Steps of the phylogenetic analysis

Compilation of sequence dataset

Alignment

Determination of substitution model

Tree building

Tree evaluation

Nucleotide Substitution Models

"All models are wrong but some are useful" (George Box, 1979)

As we have seen in Class 19, p-distance is not an accurate way to estimate a number of substitutions between two sequences.

The simplest nucleotide substitution model is Jukes-Cantor model (a.k.a. JC69), which assumes that every nucleotide can be substituted with any other nucleotide with equal probability and all four bases occur with the same frequency (=0.25). This model has only one parameter (substitution rate α).

Fig. Nucleotide substitutions [Source].

If variable base composition allowed (usually estimated from the alignment), JC69 model is transformed into Felsenstein 1981 model (F81).

Table 7.2 in the supp. textbook gives a good summary of different substitution models for nucleotide sequences.

Alternatively, if transitions and transversions are distinguished, JC69 model becomes Kimura 2 parameter model (K2P or K80), two parameters being rates of transitions and transversions.

Hasegawa-Kishino-Yano 1985 model (HKY85) assumed both unequal base composition and different rates for transitions and transversions

General Time Reversible Model (GTR or REV) assumes unequal base frequencies and 6 different rates of nucleotide substitutions, i.e. each possible substitution has its own rate.

The models described above are related to each other (they are nested):

Fig. Nucleotide substitution models [Source].

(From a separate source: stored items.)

(* Let $d\ge0$ and let $a,b,c$ be nonnegative integers such that $s=a+b+c-d$ is positive. Then in $S_{\mathbb{Z}}(2,d)$ the following identities hold: $$f^{(a)}\binom{H_2}{b}e^{(c)}=\sum_{k=s}^{\min(a,c)}(-1)^{k-s}\binom{k-1}{s-1}\binom{b+k}{k}f^{(a-k)}\binom{H_2}{b+k}e^{(c-k)},$$ $$e^{(a)}\binom{H_1}{b}f^{(c)}=\sum_{k=s}^{\min(a,c)}(-1)^{k-s}\binom{k-1}{s-1}\binom{b+k}{k}e^{(a-k)}\binom{H_1}{b+k}f^{(c-k)}$$ (an empty sum being $0$).
   Context: Let $E=\mathbb{Q}^2$ with standard basis $e_1,e_2$, $E_{\mathbb{Z}}=\mathbb{Z}e_1\oplus\mathbb{Z}e_2$. Let $\rho_d:U(\mathfrak{gl}_2)\to\mathrm{End}_{\mathbb{Q}}(E^{\otimes d})$ be the representation in which $x\in\mathfrak{gl}_2$ acts as $\sum_{i=1}^d 1\otimes\cdots\otimes x\otimes\cdots\otimes 1$; its image is the Schur algebra $S_{\mathbb{Q}}(2,d)$. The integral Schur algebra $S_{\mathbb{Z}}(2,d)=\mathrm{End}_{\mathbb{Z}\Sigma_d}(E_{\mathbb{Z}}^{\otimes d})$ is regarded as a subring of $S_{\mathbb{Q}}(2,d)$. Write $e,f,H_1,H_2$ for the images under $\rho_d$ of the matrix units $e_{12},e_{21},e_{11},e_{22}$. For an element $T$ and integer $m\ge0$, $T^{(m)}=T^m/m!$ and $\binom{T}{m}=T(T-1)\cdots(T-m+1)/m!$; both are defined to be $0$ for negative $m$. *)

theory Defs
  imports Complex_Main
begin

text \<open>The tensor power E^{\<otimes>d} of E = Q^2 is modelled as the space of functions on
  words of length d over the alphabet {1,2}: the basis vector e_{w_1} \<otimes> ... \<otimes> e_{w_d}
  corresponds to the word w.  A vector is a function phi :: nat list => rat (only its values on
  words d matter) and an endomorphism is a map vec => vec.\<close>

type_synonym vec = "nat list \<Rightarrow> rat"
type_synonym endo = "vec \<Rightarrow> vec"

Assumptions of the models:

All nucleotide sites change independently (counter-example: compensatory changes in rRNA)
The substitution rate is constant over time and in different lineages
The base composition within the dataset is the same (at equilibrium). [GC content of completed prokaryotic genomes]
All sites have the same constant probability to undergo substitution. [Among-Site-Rate-Variation, or ASRV, in later lectures.]

Choosing the right model: ModelTest

Protein Substitution Models

Protein Substitution Models are empirical (as opposed to parametric models for nucleotide substitutions described above). Examples: BLOSUM, PAM, JTT, WAG.

Fig. Protein substitution models [Source].

Reconstruction of Evolutionary History (Overview)

Distance analyses

calculate pairwise distances (different distance measures, correction for multiple hits, correction for codon bias)
make distance matrix (table of pairwise corrected distances)
calculate tree from distance matrix:
i) using optimality criterion (e.g.: smallest error between distance matrix and distances in tree)
ii) using algorithmic (or clustering) approaches (e.g., UPGMA or neighbor joining)

Parsimony analyses

find that tree that explains sequence data with minimum number of substitutions (tree includes hypothesis of sequence at each of the internal nodes). The underlying principle: Occam's Razor, i.e. the simplest solution is usually the correct one.

Maximum Likelihood (ML) analyses

given a model for sequence evolution, find the tree that has the highest probability (likelihood) of reproducing the observed data under this model. Likelihood describes how well the model predicts the data.

However, likelihood does not say anything about the probability of the model itself: Elliot Sober's Gremlins.

Bayesian analyses

use ML analyses to calculate posterior probabilities for trees, clades and evolutionary parameters.